Provided information:
(* The map F \<mapsto> f_F (non-root vertex \<mapsto> parent, root \<mapsto> itself) is injective on ordered
   forests, and its image consists exactly of the maps on [n] without cycles of length \<ge> 2:
   a long cycle of f_F would be a cycle of the parent relation, and conversely an acyclic map
   defines a parent relation whose cycles would be periodic orbits of the map.  Under f_F the
   shifted disjoint union of forests becomes the shifted concatenation of maps, relabelled induced
   subforests become standardised restrictions, and the ideals of f_F (sets closed under taking
   preimages) are exactly the sets L_V of admissible cuts, the inverse being V = "tops of I". *)

section \<open>Relabelling the basis of a free module along an injective map\<close>

text \<open>For an injective map \<open>\<phi>\<close> of bases, \<open>lin_ext \<phi>\<close> just renames the keys of a finitely
  supported coefficient function.\<close>

lemma lookup_lin_ext:
  assumes "inj \<phi>"
  shows "Poly_Mapping.lookup (lin_ext \<phi> x) c =
           (if c \<in> range \<phi> then Poly_Mapping.lookup x (inv \<phi> c) else 0)"
proof -
  have lookup_sum: "Poly_Mapping.lookup (lin_ext \<phi> x) c =
      (\<Sum>a\<in>Poly_Mapping.keys x. if \<phi> a = c then Poly_Mapping.lookup x a else 0)"
    unfolding lin_ext_def lookup_sum lookup_single when_def by (rule refl)
  show ?thesis
  proof (cases "c \<in> range \<phi>")
    case True
    then obtain a0 where c: "c = \<phi> a0" by auto
    have "(\<Sum>a\<in>Poly_Mapping.keys x. if \<phi> a = c then Poly_Mapping.lookup x a else 0)
        = (\<Sum>a\<in>Poly_Mapping.keys x. if a = a0 then Poly_Mapping.lookup x a else 0)"
      using assms c by (intro sum.cong) (auto dest: injD)
    also have "\<dots> = Poly_Mapping.lookup x a0" by (simp add: in_keys_iff)
    finally show ?thesis using lookup_sum c assms by simp
  next
    case False
    then show ?thesis using lookup_sum by (auto intro!: sum.neutral)
  qed
qed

What is needed:
Among the lines above, please find those with "cycles" and copy them.

Expected answer:
   forests, and its image consists exactly of the maps on [n] without cycles of length \<ge> 2:
   defines a parent relation whose cycles would be periodic orbits of the map.  Under f_F the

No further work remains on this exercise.